lemma eq_var_const_if_integral_eq:
  fixes f k :: "real \<Rightarrow> 'a::euclidean_space"
  assumes k: "k absolutely_integrable_on {a..0}" and f: "continuous_on {a..0} f"
    and eq: "\<And>t. t \<in> {a..0} \<Longrightarrow> f t = f a + integral {a..t} (\<lambda>s. \<mu> *\<^sub>R f s - k s)"
    and t: "t \<in> {a..0}"
  shows "f t = var_const \<mu> (f 0) k t"
proof -
  define g where "g = var_const \<mu> (f 0) k"
  define d where "d s = f s - g s" for s
  have g: "continuous_on {a..0} g"
    unfolding g_def by (rule continuous_on_var_const[OF k])
  have d: "continuous_on {a..0} d"
    unfolding d_def using f g by (intro continuous_intros)
  have "d s = d a + \<mu> *\<^sub>R integral {a..s} d" if s: "s \<in> {a..0}" for s
  proof -
    have sub: "{a..s} \<subseteq> {a..0}" using s by auto
    have ki: "k integrable_on {a..s}"
      using absolutely_integrable_on_subinterval[OF k sub] by (simp add: absolutely_integrable_on_def)
    have fi: "f integrable_on {a..s}" "g integrable_on {a..s}"
      using continuous_on_subset[OF f sub] continuous_on_subset[OF g sub]
      by (auto intro: integrable_continuous_interval)
    have "integral {a..s} (\<lambda>r. \<mu> *\<^sub>R f r - k r) - integral {a..s} (\<lambda>r. \<mu> *\<^sub>R g r - k r)
        = \<mu> *\<^sub>R integral {a..s} d"
      using ki fi by (simp add: d_def[abs_def] integral_diff integrable_diff integrable_cmul scaleR_diff_right)
    then show ?thesis
      using eq[OF s] var_const_integral_eq[OF k s, of \<mu> "f 0"] by (simp add: d_def g_def algebra_simps)
  qed
  then have dt: "d r = exp (\<mu> * (r - a)) *\<^sub>R d a" if "r \<in> {a..0}" for r
    using integral_equation_exp_solution[OF d] that by blast
  have "d 0 = 0"
    by (simp add: d_def g_def)
  then have "d a = 0"
    using dt[of 0] t by auto
  then show ?thesis
    using dt[OF t] by (simp add: d_def g_def)
qed

lemma PhiR_var_const:
  fixes k :: "real \<Rightarrow> 'a::euclidean_space"
  assumes "k absolutely_integrable_on {-2..0}"
  shows "PhiR c (var_const \<mu> x k) = PhiR c (\<lambda>t. exp (\<mu> * t)) *\<^sub>R x + PhiR c (conv_tail \<mu> k)"
proof -
  have "PhiR c (var_const \<mu> x k) = PhiR c (\<lambda>t. exp (\<mu> * t) *\<^sub>R x) + PhiR c (conv_tail \<mu> k)"
    unfolding var_const_def[abs_def] using continuous_on_conv_tail[OF assms]
    by (intro PhiR_add integrable_continuous_interval continuous_intros)
  then show ?thesis
    by (simp add: PhiR_scaleR_left integrable_continuous_interval continuous_intros)
qed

▶ Work request:
An exact copy of all the records is the expected answer.

▶ Written solution:
lemma eq_var_const_if_integral_eq:
  fixes f k :: "real \<Rightarrow> 'a::euclidean_space"
  assumes k: "k absolutely_integrable_on {a..0}" and f: "continuous_on {a..0} f"
    and eq: "\<And>t. t \<in> {a..0} \<Longrightarrow> f t = f a + integral {a..t} (\<lambda>s. \<mu> *\<^sub>R f s - k s)"
    and t: "t \<in> {a..0}"
  shows "f t = var_const \<mu> (f 0) k t"
proof -
  define g where "g = var_const \<mu> (f 0) k"
  define d where "d s = f s - g s" for s
  have g: "continuous_on {a..0} g"
    unfolding g_def by (rule continuous_on_var_const[OF k])
  have d: "continuous_on {a..0} d"
    unfolding d_def using f g by (intro continuous_intros)
  have "d s = d a + \<mu> *\<^sub>R integral {a..s} d" if s: "s \<in> {a..0}" for s
  proof -
    have sub: "{a..s} \<subseteq> {a..0}" using s by auto
    have ki: "k integrable_on {a..s}"
      using absolutely_integrable_on_subinterval[OF k sub] by (simp add: absolutely_integrable_on_def)
    have fi: "f integrable_on {a..s}" "g integrable_on {a..s}"
      using continuous_on_subset[OF f sub] continuous_on_subset[OF g sub]
      by (auto intro: integrable_continuous_interval)
    have "integral {a..s} (\<lambda>r. \<mu> *\<^sub>R f r - k r) - integral {a..s} (\<lambda>r. \<mu> *\<^sub>R g r - k r)
        = \<mu> *\<^sub>R integral {a..s} d"
      using ki fi by (simp add: d_def[abs_def] integral_diff integrable_diff integrable_cmul scaleR_diff_right)
    then show ?thesis
      using eq[OF s] var_const_integral_eq[OF k s, of \<mu> "f 0"] by (simp add: d_def g_def algebra_simps)
  qed
  then have dt: "d r = exp (\<mu> * (r - a)) *\<^sub>R d a" if "r \<in> {a..0}" for r
    using integral_equation_exp_solution[OF d] that by blast
  have "d 0 = 0"
    by (simp add: d_def g_def)
  then have "d a = 0"
    using dt[of 0] t by auto
  then show ?thesis
    using dt[OF t] by (simp add: d_def g_def)
qed

lemma PhiR_var_const:
  fixes k :: "real \<Rightarrow> 'a::euclidean_space"
  assumes "k absolutely_integrable_on {-2..0}"
  shows "PhiR c (var_const \<mu> x k) = PhiR c (\<lambda>t. exp (\<mu> * t)) *\<^sub>R x + PhiR c (conv_tail \<mu> k)"
proof -
  have "PhiR c (var_const \<mu> x k) = PhiR c (\<lambda>t. exp (\<mu> * t) *\<^sub>R x) + PhiR c (conv_tail \<mu> k)"
    unfolding var_const_def[abs_def] using continuous_on_conv_tail[OF assms]
    by (intro PhiR_add integrable_continuous_interval continuous_intros)
  then show ?thesis
    by (simp add: PhiR_scaleR_left integrable_continuous_interval continuous_intros)
qed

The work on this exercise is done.